Another Pearl Harbor may be coming
By James Giago Davies
Native Sun News Today Contributing Editor
There is Bill Nye, the Science Guy, and he’s a pretty good guy, but the Nye I want to talk about is Gerald Nye, the Isolationist Guy, a North Dakota senator, who wanted to keep the US out of WWII.
Dr. Seuss, who was in those days drawing political cartoons, drew a famous cartoon of a seriously bummed out pair, Nye and his fellow isolationist Wheeler, on a dying isolationist ostrich in the desert, the tide of history having turned dramatically against them.
On the face of it, you think, Nye was against war and war profiteering, what’s wrong with that?
James Giago Davies. Photo
courtesy Native Sun News
Today
But like so many seemingly positive things, there are hidden agendas that speak to an Un-American fanaticism. You don’t get elected to the senate by being a bleeding heart progressive, not even in the North Dakota of the 1920’s, where the electorate is mostly of German stock. Nye deemed himself a progressive Republican but his main focus was isolationism, keeping the US out of any global conflict. To protect Germany and German interests.

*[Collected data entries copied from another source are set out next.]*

theorem theorem2:
  fixes p0 eps w gamma0 gamma :: real
    and wf epsx epsy dgamma :: "real \<Rightarrow> real"
    and rho :: "real \<Rightarrow> complex ^ 2 ^ 2"
  assumes "0 < p0" and "p0 < 1" and "eps > 0" and "w \<ge> 0"
    and "gamma0 \<ge> gamma" and "gamma \<ge> 0"
    and "\<And>t. \<bar>wf t\<bar> \<le> w"
    and "\<And>t. sqrt ((epsx t)^2 + (epsy t)^2) \<le> eps"
    and "\<And>t. \<bar>dgamma t\<bar> \<le> gamma"
    and "\<And>t. t \<ge> 0 \<Longrightarrow>
           (rho has_vector_derivative
              lindblad_rhs (Ham (wf t) (epsx t) (epsy t)) (gamma0 + dgamma t) (rho t))
             (at t within {0..})"
    and "rho 0 = outer ket0 ket0"
  shows "\<forall>t \<in> {0 .. T_a p0 eps gamma0 gamma}. rho t \<in> D_a p0"
proof
  interpret bounded_driven_damped_qubit rho wf epsx epsy "\<lambda>t. gamma0 + dgamma t" eps "gamma0 + gamma"
  proof unfold_locales
    show "0 \<le> gamma0 + dgamma t" and "gamma0 + dgamma t \<le> gamma0 + gamma" for t
      using assms(5,6) assms(9)[of t] unfolding abs_le_iff by linarith+
  qed (use assms(8,10,11) in auto)
  fix t assume t: "t \<in> {0 .. T_a p0 eps gamma0 gamma}"
  have "1 - population t \<le> (gamma0 + gamma) * t + eps\<^sup>2 * t\<^sup>2 / 4"
    using t by (intro failure_probability_bound) simp
  also have "\<dots> \<le> p0"
    using assms(1,2,5,6) t by (intro T_a_quadratic_le) auto
  finally show "rho t \<in> D_a p0"
    using hermitian_entries(1)[of t] t
    by (simp add: D_a_def melem_ket0_ket0 population_def complex_is_Real_iff)
qed

end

During the 1930’s he headed up the Nye Committee, which explored the dark history of war profiteering by American companies during WWI. This dead horse was dug up and re-beaten to cover up Nye’s real goal, which was to bury the negative perception of the Kaiser’s Imperial Germany under a mountain of progressive outrage over war profiteering.
Why? To gin up isolationist resistance to any US entry into any upcoming war, and people certainly saw the war in Europe coming.
Nye can claim he was progressive, but all of his friends were friends of Nazi Germany, and many spewed fascist rhetoric excusing and denying aggressive German ambitions and intentions.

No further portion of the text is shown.